To return. In spite of the long history and great wealth of Bordeaux, Marseilles, Arles, Narbonne, Toulouse, you will not trace many famous books to those places. The city which, on the whole, has preserved its early manuscripts best is Albi, but it was never a great centre of learning, and its library, though extremely interesting, is not large.

However, we need not be surprised at the poverty of a region which has had to undergo Albigensian crusades, English occupation, wars of religion, and a revolution.

Some of the great early libraries of Germany were mentioned in our historical survey. Fulda and Lorsch were as remarkable as any. At the present day Fulda retains only the few Bonifacian MSS. which rank as relics of the saint—the blood-stained volume of Ambrose which was on Boniface when the pagans killed him, his pocket copy of the Gospels, the MS. written for Victor of Capua. The bulk of its abbey library, which remained together until the close of the sixteenth century, is dispersed and gone, no one knows where. Some books are at Cassel in the ducal library. Lorsch has nothing in situ, but a good deal in the Vatican. Both houses were instrumental in preserving the classics; we owe to them Suetonius, Tacitus, Ammianus Marcellinus, and part of Livy.

The Thirty Years' War was responsible for a good deal of dispersion. Cargoes of books made their way to England, and Archbishop Laud bought and gave to the Bodleian many from Würzburg and Erfürt; in the Arundel collection at the British Museum the German contingent is large. Sweden also profited at this time, and got its lovely Codex Aureus (once at Canterbury), its Codex Argenteus (the Gothic Gospels at Upsala), and its Gigas, or Devil's Bible, which came from Prague.
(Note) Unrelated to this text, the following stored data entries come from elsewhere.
lemma distr_resample:
  fixes M :: "'a::topological_space measure" and \<alpha> :: "'a \<Rightarrow> real"
  assumes "prob_space M" and sets_M[measurable_cong]: "sets M = sets borel"
    and [measurable]: "\<alpha> \<in> borel_measurable M"
    and \<alpha>_nonneg: "\<And>x. 0 \<le> \<alpha> x" and \<alpha>_le: "\<And>x. \<alpha> x \<le> 1"
  shows "distr ((M \<Otimes>\<^sub>M M) \<Otimes>\<^sub>M uniform_measure lborel {0..1}) borel
           (\<lambda>((x, x'), u). if u \<le> \<alpha> x then x else x')
       = density M (\<lambda>x. ennreal (\<alpha> x + 1 - (\<integral>y. \<alpha> y \<partial>M)))"
    (is "distr ?P borel ?T = density M (\<lambda>x. ennreal (\<alpha> x + 1 - ?\<beta>))")
proof (rule measure_eqI)
  interpret M: prob_space M by fact
  fix A assume "A \<in> sets (distr ?P borel ?T)"
  then have A[measurable]: "A \<in> sets borel" by simp
  define m where "m = measure M A"
  have m_bounds: "0 \<le> m" "m \<le> 1" by (simp_all add: m_def)
  have \<alpha>_le_2: "\<alpha> x \<le> 2" for x using \<alpha>_le[of x] by simp
  have bounded_integrable: "integrable M h" if [measurable]: "h \<in> borel_measurable M"
    and "\<And>x. \<bar>h x\<bar> \<le> 2" for h :: "'a \<Rightarrow> real"
    using that by (intro M.integrable_const_bound[where B=2]) auto
  have [simp]: "integrable M \<alpha>" "integrable M (indicator A :: 'a \<Rightarrow> real)"
    "integrable M (\<lambda>x. indicator A x * \<alpha> x)"
    using \<alpha>_nonneg \<alpha>_le_2 by (auto intro!: bounded_integrable simp: abs_le_iff split: split_indicator)
  have \<beta>_le: "?\<beta> \<le> 1" using \<alpha>_le by (intro M.integral_le_const) auto
  have \<beta>_nonneg: "0 \<le> ?\<beta>" by (simp add: \<alpha>_nonneg)
  have "emeasure (distr ?P borel ?T) A = (\<integral>\<^sup>+ x. ennreal (indicator A x * \<alpha> x + (1 - \<alpha> x) * m) \<partial>M)"
    unfolding m_def using assms by (intro emeasure_distr_resample) auto
  also have "\<dots> = ennreal (\<integral> x. indicator A x * \<alpha> x + (1 - \<alpha> x) * m \<partial>M)"
  proof (intro nn_integral_eq_integral bounded_integrable AE_I2)
    fix x
    have "0 \<le> (1 - \<alpha> x) * m" "(1 - \<alpha> x) * m \<le> 1"
      using \<alpha>_nonneg[of x] \<alpha>_le[of x] m_bounds by (auto intro: mult_le_one)
    then show "\<bar>indicator A x * \<alpha> x + (1 - \<alpha> x) * m\<bar> \<le> 2"
      "0 \<le> indicator A x * \<alpha> x + (1 - \<alpha> x) * m"
      using \<alpha>_nonneg[of x] \<alpha>_le[of x] by (auto split: split_indicator)
  qed simp
  also have "(\<integral> x. indicator A x * \<alpha> x + (1 - \<alpha> x) * m \<partial>M) = (\<integral> x. indicator A x * \<alpha> x \<partial>M) + m - ?\<beta> * m"
    by (simp add: left_diff_distrib M.prob_space)
  also have "\<dots> = (\<integral> x. (\<alpha> x + 1 - ?\<beta>) * indicator A x \<partial>M)"
  proof -
    have "(\<lambda>x. (\<alpha> x + 1 - ?\<beta>) * indicator A x)
        = (\<lambda>x. indicator A x * \<alpha> x + indicator A x - ?\<beta> * indicator A x)"
      by (auto simp: fun_eq_iff algebra_simps)
    then show ?thesis by (simp add: m_def)
  qed
  also have "ennreal \<dots> = (\<integral>\<^sup>+ x. ennreal ((\<alpha> x + 1 - ?\<beta>) * indicator A x) \<partial>M)"
  proof (intro nn_integral_eq_integral[symmetric] bounded_integrable AE_I2)
    fix x
    show "\<bar>(\<alpha> x + 1 - ?\<beta>) * indicator A x\<bar> \<le> 2" "0 \<le> (\<alpha> x + 1 - ?\<beta>) * indicator A x"
      using \<alpha>_nonneg[of x] \<alpha>_le[of x] \<beta>_nonneg \<beta>_le by (auto split: split_indicator)
  qed simp
  also have "\<dots> = emeasure (density M (\<lambda>x. ennreal (\<alpha> x + 1 - ?\<beta>))) A"
    by (simp add: emeasure_density) (intro nn_integral_cong; simp split: split_indicator)
  finally show "emeasure (distr ?P borel ?T) A = emeasure (density M (\<lambda>x. ennreal (\<alpha> x + 1 - ?\<beta>))) A" .
qed (simp add: sets_M)

definition ereal_integral :: "'a measure \<Rightarrow> ('a \<Rightarrow> real) \<Rightarrow> ereal" where
  "ereal_integral M F = enn2ereal (\<integral>\<^sup>+ x. ennreal (F x) \<partial>M) - enn2ereal (\<integral>\<^sup>+ x. ennreal (- F x) \<partial>M)"
lemma B_generating_series: "(D * D * V * V * W w) $ p = (\<Sum>k\<le>p. w ^ k * B p k)"
  unfolding W_def B_def using F0 by (rule fps_geometric_coefficient)

lemma X_times_T_series:
  assumes "w \<noteq> 0"
  shows "fps_X * (D * D * V * W w) = fps_const (1 / w) * (D * D * V * V * W w - D * D * V * V)"
proof -
  have "(1 - fps_const w * F) * W w = 1"
    unfolding W_def using F0 by (intro inverse_mult_eq_1') simp
  hence "fps_const w * (F * W w) = W w - 1"
    by (simp add: algebra_simps)
  moreover have "F * W w = fps_const (1 / w) * (fps_const w * (F * W w))"
    using assms by (simp add: mult.assoc[symmetric] flip: fps_const_mult)
  ultimately have FW: "F * W w = fps_const (1 / w) * (W w - 1)"
    by simp
  have "fps_X * (D * D * V * W w) = D * D * V * V * (F * W w)"
    using V_mult_U by (simp add: F_def algebra_simps)
  thus ?thesis unfolding FW by (simp add: algebra_simps)
qed

end

lemma Lambda_form_as_sum:
  "Lambda_form p \<alpha> x = (\<Sum>k\<le>p. (if k = p then -1 else \<alpha> k) * x powi (1 - int k))"
  by (simp add: Lambda_form_def lessThan_Suc_atMost[symmetric])

lemma powi_one_minus: "(x::complex) \<noteq> 0 \<Longrightarrow> x powi (1 - int k) = x * (1 / x) ^ k"
  by (simp add: power_int_diff power_divide divide_inverse power_inverse)

locale normalized_map =
  fixes f :: "complex \<Rightarrow> complex" and c :: "nat \<Rightarrow> complex"
  assumes ser: "\<forall>z\<in>ball 0 1. (\<lambda>n. (if n = 0 then 1 else c n) * z ^ Suc n) sums f z"
begin

definition Uf :: "complex fps" where
  "Uf = Abs_fps (\<lambda>n. if n = 0 then 1 else c n)"

sublocale normalized_fps Uf
  by unfold_locales (simp add: Uf_def)

definition uf :: "complex \<Rightarrow> complex" where
  "uf z = (if z = 0 then 1 else f z / z)"
definition std :: "'a::linorder list \<Rightarrow> nat list" where
  "std xs = map (\<lambda>x. card {y \<in> set xs. y < x} + 1) xs"

definition pat :: "nat set \<Rightarrow> nat list \<Rightarrow> nat list" where
  "pat I \<sigma> = std (map (\<lambda>i. \<sigma> ! (i - 1)) (sorted_list_of_set I))"

definition en :: "nat \<Rightarrow> nat list \<Rightarrow> nat list" where
  "en k \<sigma> = pat {length \<sigma> - k + 1..length \<sigma>} \<sigma>"

definition contains :: "nat list \<Rightarrow> nat list \<Rightarrow> bool" where
  "contains \<tau> \<sigma> \<longleftrightarrow> (\<exists>I. I \<subseteq> {1..length \<sigma>} \<and> card I = length \<tau> \<and> pat I \<sigma> = \<tau>)"

definition Av :: "nat list \<Rightarrow> nat list set" where
  "Av \<tau> = {\<sigma>. is_perm \<sigma> \<and> \<not> contains \<tau> \<sigma>}"

definition Av_k :: "nat \<Rightarrow> nat list \<Rightarrow> nat list set" where
  "Av_k k \<tau> = {\<sigma> \<in> Av \<tau>. length \<sigma> = k}"

definition star :: "nat list \<Rightarrow> nat \<Rightarrow> nat list" where
  "star \<sigma> l = std (map real \<sigma> @ [real l - 1/2])"

end

theory Submission
  imports Defs
begin

text \<open>Let w be the last k-1 entries of \<sigma>; they are order-isomorphic to the first k-1 entries of
  \<pi>'. Insert the new last value l just below the smallest entry of w whose counterpart in \<pi>'
  lies above the last entry r of \<pi>' (or at the top, l = |\<sigma>|+1, if there is none). Then the new
  last k entries are order-isomorphic to \<pi>'. A 312 in \<sigma>*l must end at the new entry, with its
  "1" strictly below l and its "3" at least l. If l = \<sigma>(q), the "1" cannot precede position q,
  as \<sigma> would then contain a 312 ending at q; nor follow it, as its counterpart in \<pi>', lying
  below r, would complete a 312 in \<pi>' with the counterparts of \<sigma>(q) and r.\<close>

definition order_iso :: "'a::linorder list \<Rightarrow> 'b::linorder list \<Rightarrow> bool" where
  "order_iso xs ys \<longleftrightarrow> length xs = length ys \<and>
     (\<forall>i<length xs. \<forall>j<length xs. xs!i < xs!j \<longleftrightarrow> ys!i < ys!j)"
lemma opt_circ_minus_toeplitz_banded:
  assumes t: "\<And>d. \<bar>d\<bar> > int M \<Longrightarrow> t d = 0" and n: "n > 2 * M"
  shows "\<exists>R E. opt_circ n t - toeplitz n t = R + E \<and> rank_one_sum n (2 * M) R \<and>
      mat_bounded n E (\<Sum>d\<in>{-int M..int M}. cmod (t d) * \<bar>d\<bar> / n)"
proof -
  define S where "S = {k. k < n \<and> (k < M \<or> n - M \<le> k)}"
  define e where "e d = - (of_int \<bar>d\<bar> * t d / of_nat n)" for d
  define D where "D j k = opt_circ_entry n t ((int j - int k) mod int n) - t (int j - int k)" for j k
  define R where "R = mat n n (\<lambda>(j, k). if k \<in> S then D j k else 0)"
  define E where "E = mat n n (\<lambda>(j, k). (if k \<in> S then 0 else 1) * e (int j - int k))"
  have finite_S: "finite S" by (simp add: S_def)
  have "card S \<le> card ({..<M} \<union> {n - M..<n})" by (intro card_mono) (auto simp: S_def)
  also have "\<dots> \<le> 2 * M" using card_Un_le[of "{..<M}" "{n - M..<n}"] n by simp
  finally have "rank_one_sum n (2 * M) R"
    unfolding R_def by (rule rank_one_sum_mono[OF rank_one_sum_column_mask[OF finite_S]])
  moreover have "mat_bounded n E (\<Sum>d\<in>{-int M..int M}. cmod (e d))"
    unfolding E_def using t by (intro mat_bounded_banded) (auto simp: e_def)
  moreover have "(\<Sum>d\<in>{-int M..int M}. cmod (e d)) = (\<Sum>d\<in>{-int M..int M}. cmod (t d) * \<bar>d\<bar> / n)"
    by (intro sum.cong) (auto simp: e_def norm_mult norm_divide)
  moreover have "opt_circ n t - toeplitz n t = R + E"
  proof (rule eq_matI)
    fix j k assume "j < dim_row (R + E)" "k < dim_col (R + E)"
    then have j: "j < n" and k: "k < n" by (auto simp: R_def E_def)
    show "(opt_circ n t - toeplitz n t) $$ (j, k) = (R + E) $$ (j, k)"
    proof (cases "k \<in> S")
      case False
      then have "M \<le> k" "k < n - M" using k by (auto simp: S_def)
      from opt_circ_entry_interior[OF t j this] show ?thesis
        using j k False by (simp add: R_def E_def D_def opt_circ_def toeplitz_def e_def)
    qed (use j k in \<open>simp add: R_def E_def D_def opt_circ_def toeplitz_def\<close>)
  qed (auto simp: R_def E_def opt_circ_def toeplitz_def)
  ultimately show ?thesis by auto
qed

lemma mod_add_diff_cancel_nat: "s \<le> n \<Longrightarrow> k < n \<Longrightarrow> ((k + s) mod n + (n - s)) mod n = (k :: nat)"
proof -
  assume "s \<le> n" "k < n"
  have "((k + s) mod n + (n - s)) mod n = (k + s + (n - s)) mod n" by (simp add: mod_add_left_eq)
  also have "k + s + (n - s) = k + n" using \<open>s \<le> n\<close> by simp
  finally show ?thesis using \<open>k < n\<close> by simp
qed

lemma sum_rotate:
  fixes s n :: nat
  assumes "s \<le> n"
  shows "(\<Sum>j<n. \<phi> ((j + s) mod n)) = (\<Sum>i<n. \<phi> i)"
proof (rule sum.reindex_bij_witness[of _ "\<lambda>i. (i + (n - s)) mod n" "\<lambda>j. (j + s) mod n"])
  fix j assume "j \<in> {..<n}"
  then show "((j + s) mod n + (n - s)) mod n = j" using mod_add_diff_cancel_nat assms by simp
next
  fix i assume i: "i \<in> {..<n}"
  have "((i + (n - s)) mod n + s) mod n = (i + (n - s) + s) mod n" by (simp add: mod_add_left_eq)
  also have "i + (n - s) + s = i + n" using assms by simp
  finally show "((i + (n - s)) mod n + s) mod n = i" using i by simp
qed (use assms in auto)

text \<open>Along a wrapped diagonal of offset \<open>k0\<close>, the index difference equals \<open>k0\<close> exactly \<open>n - k0\<close>
  times and \<open>k0 - n\<close> the remaining \<open>k0\<close> times.\<close>

lemma sum_wrapped_diagonal:
  assumes k0: "0 \<le> k0" "k0 < int n"
  shows "(\<Sum>u<n. t ((int u + k0) mod int n - int u)) = of_int (int n - k0) * t k0 + of_int k0 * t (k0 - int n)"
proof -
  define m where "m = nat k0"
  have m: "int m = k0" "m < n" using k0 by (auto simp: m_def)
  have lessThan_eq_Un: "{..<n} = {..<n - m} \<union> {n - m..<n}" by auto
  have "(\<Sum>u<n. t ((int u + k0) mod int n - int u)) =
     (\<Sum>u\<in>{..<n - m}. t ((int u + k0) mod int n - int u)) + (\<Sum>u\<in>{n - m..<n}. t ((int u + k0) mod int n - int u))"
    by (subst lessThan_eq_Un, rule sum.union_disjoint) auto
  also have "(\<Sum>u\<in>{..<n - m}. t ((int u + k0) mod int n - int u)) = (\<Sum>u\<in>{..<n - m}. t k0)"
  proof (rule sum.cong)
    fix u assume "u \<in> {..<n - m}"
    then have "(int u + k0) mod int n = int u + k0" using m k0 by (intro mod_pos_pos_trivial) auto
    then show "t ((int u + k0) mod int n - int u) = t k0" by simp
  qed simp
  also have "(\<Sum>u\<in>{n - m..<n}. t ((int u + k0) mod int n - int u)) = (\<Sum>u\<in>{n - m..<n}. t (k0 - int n))"
  proof (rule sum.cong)
    fix u assume "u \<in> {n - m..<n}"
    then have "(int u + k0 - int n) mod int n = int u + k0 - int n" using m k0 by (intro mod_pos_pos_trivial) auto
    then have "(int u + k0) mod int n = int u + k0 - int n"
      using mod_add_self2[of "int u + k0 - int n" "int n"] by simp
    then show "t ((int u + k0) mod int n - int u) = t (k0 - int n)" by simp
  qed simp
  also have "(\<Sum>u\<in>{..<n - m}. t k0) + (\<Sum>u\<in>{n - m..<n}. t (k0 - int n)) =
      of_int (int n - k0) * t k0 + of_int k0 * t (k0 - int n)"
    using m(2) by (simp add: of_nat_diff m(1)[symmetric])
  finally show ?thesis .
qed
(* Let $R>0$, $h>0$ and $\lambda>0$, and let $G_1,G_2$ be independent exponential random variables with rate $\lambda$ (representing $g_1^2,g_2^2$). For $\Delta>0$ let $$\alpha_1(\Delta)=2^R-\frac{h^2}{1+\Delta}-1,\qquad \alpha_2(\Delta)=2^R\frac{1+\Delta}{\Delta}-1,$$ and $Q(\Delta)=\Pr\{G_2\ge[\alpha_1(\Delta)]^+,\ G_1+G_2\ge\alpha_2(\Delta)\}$, where $[x]^+=\max\{x,0\}$. Let $\Delta_t=\frac{h^2}{2^R-1}-1$. Then the cubic equation $$\frac{h^2}{\lambda}\Delta^3-2^R(2^R+h^2)\Delta^2-2^R(2^{R+1}+h^2)\Delta-2^{2R}=0$$ has exactly one positive root $\Delta^\dagger$, and $\Delta^*=\max\{\Delta^\dagger,\Delta_t\}$ maximizes $Q(\Delta)$ over $\Delta>0$.
   Context: This is the full-duplex Gaussian single-relay channel ($Y_r=\mathsf hX+Z_r$, $Y=\mathsf g_1X_r+\mathsf g_2X+Z$, unit powers and noise) under Rayleigh fading with $|\mathsf g_1|^2,|\mathsf g_2|^2$ i.i.d. exponential with rate $\lambda$, where the relay knows only the realization of its incoming channel $h=|\mathsf h|$. With Gaussian quantization distortion $\Delta$, the quantize-map-and-forward rate is $\big[\min\{\log_2(1+\frac{h^2}{1+\Delta}+g_2^2),\ \log_2(1+g_1^2+g_2^2)-\log_2\frac{1+\Delta}{\Delta}\}\big]^+$, and $Q(\Delta)$ equals one minus the outage probability at rate $R$ conditioned on $h$; so $\Delta^*$ is the outage-optimal quantizer given receiver CSI. *)

theory Defs
  imports "HOL-Probability.Probability"
begin

definition alpha1 :: "real \<Rightarrow> real \<Rightarrow> real \<Rightarrow> real" where
  "alpha1 R h \<Delta> = 2 powr R - h\<^sup>2 / (1 + \<Delta>) - 1"

definition alpha2 :: "real \<Rightarrow> real \<Rightarrow> real" where
  "alpha2 R \<Delta> = 2 powr R * ((1 + \<Delta>) / \<Delta>) - 1"

definition Qprob :: "'a measure \<Rightarrow> ('a \<Rightarrow> real) \<Rightarrow> ('a \<Rightarrow> real) \<Rightarrow> real \<Rightarrow> real \<Rightarrow> real \<Rightarrow> real" where
  "Qprob M G1 G2 R h \<Delta> =
     measure M {\<omega> \<in> space M. G2 \<omega> \<ge> max (alpha1 R h \<Delta>) 0 \<and> G1 \<omega> + G2 \<omega> \<ge> alpha2 R \<Delta>}"

definition delta_t :: "real \<Rightarrow> real \<Rightarrow> real" where
  "delta_t R h = h\<^sup>2 / (2 powr R - 1) - 1"

definition cubic :: "real \<Rightarrow> real \<Rightarrow> real \<Rightarrow> real \<Rightarrow> real" where
  "cubic R h lam \<Delta> = h\<^sup>2 / lam * \<Delta> ^ 3 - 2 powr R * (2 powr R + h\<^sup>2) * \<Delta>\<^sup>2
      - 2 powr R * (2 powr (R + 1) + h\<^sup>2) * \<Delta> - 2 powr (2 * R)"

end

theory Submission
  imports Defs
begin

text \<open>
  Write \<open>s = 2\<^sup>R\<close> and \<open>H = h\<^sup>2\<close>. For independent exponentials and \<open>0 \<le> a \<le> b\<close> one has
  \<open>P{G\<^sub>2 \<ge> a, G\<^sub>1 + G\<^sub>2 \<ge> b} = e\<^sup>-\<^sup>\<lambda>\<^sup>b (1 + \<lambda>(b - a))\<close>, so \<open>Q\<close> is explicit.
  For \<open>\<Delta> \<le> \<Delta>\<^sub>t\<close> the threshold \<open>[\<alpha>\<^sub>1]\<^sup>+\<close> vanishes and \<open>Q\<close> is the Erlang tail
  \<open>(1 + \<lambda>b) e\<^sup>-\<^sup>\<lambda>\<^sup>b\<close> at \<open>b = \<alpha>\<^sub>2(\<Delta>)\<close>, which grows with \<open>\<Delta>\<close>; so nothing below \<open>\<Delta>\<^sub>t\<close> beats \<open>\<Delta>\<^sub>t\<close>.
  For \<open>\<Delta> \<ge> \<Delta>\<^sub>t\<close> the derivative of \<open>Q\<close> has the sign of minus the cubic. In the variable
  \<open>u = 1/\<Delta>\<close> the cubic becomes \<open>\<Delta>\<^sup>3\<close> times a polynomial with positive constant term and
  negative other coefficients, hence strictly decreasing in \<open>u\<close>: the cubic has a single
  positive root \<open>\<Delta>\<^sup>\<dagger>\<close> and \<open>Q\<close> is unimodal on \<open>[\<Delta>\<^sub>t, \<infinity>)\<close> with peak at \<open>\<Delta>\<^sup>\<dagger>\<close>.
\<close>

abbreviation exponential_measure :: "real \<Rightarrow> real measure" where
  "exponential_measure l \<equiv> density lborel (\<lambda>x. ennreal (exponential_density l x))"

lemma emeasure_exponential_greaterThan:
  assumes l: "0 < l" and c: "0 \<le> c"
  shows "emeasure (exponential_measure l) {c<..} = ennreal (exp (- l * c))"
proof -
  interpret prob_space "exponential_measure l" using prob_space_exponential_density[OF l] .
  have "{c<..} = space (exponential_measure l) - {..c}" by auto
  then have "emeasure (exponential_measure l) {c<..} = 1 - emeasure (exponential_measure l) {..c}"
    using emeasure_compl[of "{..c}" "exponential_measure l"] emeasure_space_1 by simp
  also have "\<dots> = 1 - ennreal (1 - exp (- l * c))"
    using emeasure_erlang_density[OF l, of 0 c] c by (simp add: erlang_CDF_def)
  also have "\<dots> = ennreal (exp (- l * c))"
    using l c by (simp add: ennreal_1[symmetric] ennreal_minus del: ennreal_1)
  finally show ?thesis .
qed

lemma emeasure_exponential_atLeast:
  assumes l: "0 < l" and c: "0 \<le> c"
  shows "emeasure (exponential_measure l) {c..} = ennreal (exp (- l * c))"
proof -
  have "emeasure (exponential_measure l) {c..}
      = (\<integral>\<^sup>+x. ennreal (exponential_density l x) * indicator {c..} x \<partial>lborel)"
    by (simp add: emeasure_density)
  also have "\<dots> = (\<integral>\<^sup>+x. ennreal (exponential_density l x) * indicator {c<..} x \<partial>lborel)"
    by (rule nn_integral_cong_AE)
      (use AE_lborel_singleton[of c] in \<open>auto elim!: eventually_mono split: split_indicator\<close>)
  also have "\<dots> = emeasure (exponential_measure l) {c<..}"
    by (simp add: emeasure_density)
  finally show ?thesis using emeasure_exponential_greaterThan[OF l c] by simp
qed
In the Revolutionary period there was extensive secularization of abbeys, and whole libraries passed into central depots, as at Munich, which has the MSS. of St. Emmeram of Ratisbon and of Tegernsee, Benedictbeuern, Schäftlarn, and many other houses. Those of the old and rich foundation of Reichenau passed to Carlsruhe. Precious books, like the gold-covered Gospels of Lindau, were exported. This particular gem was bought by Lord Ashburnham, and in recent years has gone to America. Fine Gospels and other service-books from Weingarten are at Holkham; they appeal to the Englishman, for they contain pictures of our sainted King Oswald, of whom Weingarten owned a relic.

North Germany's contribution is far inferior to that of Bavaria and the Rhine provinces. The inhabitants of large regions were pagans till a late date (some might say they were so still), and have never, we conceive, been really civilized. Few books were made there before the fourteenth century, and I know of no good libraries that existed there in the medieval period. A good part of the contents of one at Elbing, near Dantzic, came somehow to Cambridge (Corpus Christi) in the seventeenth century; it is a dreary collection, mostly on paper, of scholastic theology, sermons, meditations, and a little medicine.